[Date Prev][Date Next][Thread Prev][Thread Next][Date Index][Thread Index]

Re: Pasrser and EOF



Etienne Gagnon writes:
> Mainly, the problem is what is the following:
> 
> LR parse stack: pair
> No Lookahead information
> =>
> Parser doesn't know if it should:
> (1) reduce: pair -> start
> (2) shift the next token. (It could be a "foo").
> 
> Now, if it looks ahead, the parser might see a "foo" and decide to
> continue parsing. But this means that the following three inputs will
> have inconsistent results:
> 
> foo bar foo eof -> No AST. Error.
> foo bar bar eof -> One AST (foo bar). 2 errors: (bar), (eof).
> foo bar eof -> One AST. No error (?).
> 
> If you want a more consistent result like:
> 
> foo bar foo eof -> One AST (foo bar). 1 (or 2) error: (foo eof).
> foo bar bar eof -> One AST (foo bar). 1 (or 2?) error: (bar eof).
> foo bar eof -> One AST. No error (?).
> 
> then you need backtracking. i.e.: restore the parse stack to the state
> it was before reducing the second foo, then resume parsing by doing a
> reduce action instead of a shift.
> 
> Hendrick seemed to be aware of this problem, and he proposed a very
> elegant solution. His solution has the advantage that the parser will
> NEVER look ahead beyond the last token of a string of the recognized
> language; which is exactly what we want.

Yes, that makes it very clear. Practially speaking, the languages
that I'm interested in "adding" to the parser's capability are
handled by Hendrick's idea (restriction: no lookahead needed to
reduce start symbol), so this kind of change to SableCC makes me
happy.
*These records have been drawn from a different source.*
lemma multistage_seq_grow:
  assumes V: "finite V" "k < card V" and f: "multistage_seq V n k l f"
    and i: "i < n" "card (f i) + 2 \<le> k"
  obtains g where "multistage_seq V n k l g" "\<forall>m<n. f m \<subseteq> g m" "\<exists>m<n. f m \<noteq> g m"
proof -
  let ?P = "\<lambda>m. card (f m) + 2 \<le> k"
  obtain p where p: "p \<le> i" "\<forall>m. p \<le> m \<and> m \<le> i \<longrightarrow> ?P m" "p = 0 \<or> \<not> ?P (p - 1)"
    using run_start_exists[of ?P i] i by blast
  obtain q where q: "i \<le> q" "q < n" "\<forall>m. i \<le> m \<and> m \<le> q \<longrightarrow> ?P m" "Suc q = n \<or> \<not> ?P (Suc q)"
    using run_end_exists[of ?P i n] i by blast
  have run: "?P m" if "p \<le> m" "m \<le> q" for m
    using p(2) q(3) that nat_le_linear by blast
  have "p < n" "?P p" "q < n" "?P q" using p q run by auto
  obtain v where v: "v \<in> V" "v \<notin> f p" "p - 1 < n \<Longrightarrow> k < card (f (p - 1)) + 2 \<Longrightarrow> v \<in> f (p - 1)"
    using multistage_seq_entering_element[OF V f \<open>p < n\<close> \<open>?P p\<close>, where j = "p - 1"] by blast
  obtain w where w: "w \<in> V" "w \<notin> f q" "Suc q < n \<Longrightarrow> k < card (f (Suc q)) + 2 \<Longrightarrow> w \<in> f (Suc q)"
    using multistage_seq_entering_element[OF V f \<open>q < n\<close> \<open>?P q\<close>, where j = "Suc q"] by blast
  let ?g = "pad_run f p q {v, w}"
  have fin: "finite (f m)" if "m < n" for m
    using multistage_seqD(1)[OF f that] V(1) finite_subset by blast
  have "multistage_seq V n k l ?g"
    unfolding multistage_seq_def
  proof (intro conjI allI impI)
    fix m assume "m < n"
    then show "?g m \<subseteq> V" using multistage_seqD(1)[OF f] v w by (simp add: pad_run_def)
    have "card (f m \<union> {v, w}) \<le> card (f m) + 2"
      using card_Un_le[of "f m" "{v, w}"] card_insert_le_m1[of 2 "{w}" v] by simp
    then show "card (?g m) \<le> k"
      using run[of m] multistage_seqD(2)[OF f \<open>m < n\<close>] by (auto simp: pad_run_def)
  next
    fix m assume m: "Suc m < n"
    have "card (symdiff (?g m) (?g (Suc m))) \<le> card (symdiff (f m) (f (Suc m)))"
      proof (rule card_symdiff_pad_run_le)
      show "finite (f m)" "finite (f (Suc m))" "p \<le> q" using fin m p(1) q(1) by auto
      show "v \<in> f m \<and> v \<notin> f (Suc m)" if "Suc m = p"
        using v p(3) that \<open>p < n\<close> by (auto simp: not_le)
      show "w \<in> f (Suc m) \<and> w \<notin> f m" if "m = q"
        using w q(4) that m by (auto simp: not_le)
    qed
    also have "\<dots> \<le> l" using f m unfolding multistage_seq_def by blast
    finally show "card (symdiff (?g m) (?g (Suc m))) \<le> l" .
  qed
  moreover have "\<forall>m<n. f m \<subseteq> ?g m" by (auto simp: pad_run_def)
  moreover have "f p \<noteq> ?g p" using v(2) p q by (auto simp: pad_run_def)
  ultimately show ?thesis using that p q by (meson le_trans order.strict_trans1)
qed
So consider this discussion academic from now on :-)

While my idea is less restrictive, it's more "dangerous" because
of the potential for surprises, e.g., "foo bar foo eof" -> no AST.

On the other hand, *if* you knew what you were doing and could
accept that "foo bar foo eof" will generate an error, then you might
prefer the less restrictive approach.

As an example, in a "command line" based language, you might actually
*want* "foo bar foo eof" to generate an error and *no* AST, because the
command "foo bar" has extra garbage at the end of it.. so the input line,
taken as a whole, is not a valid command.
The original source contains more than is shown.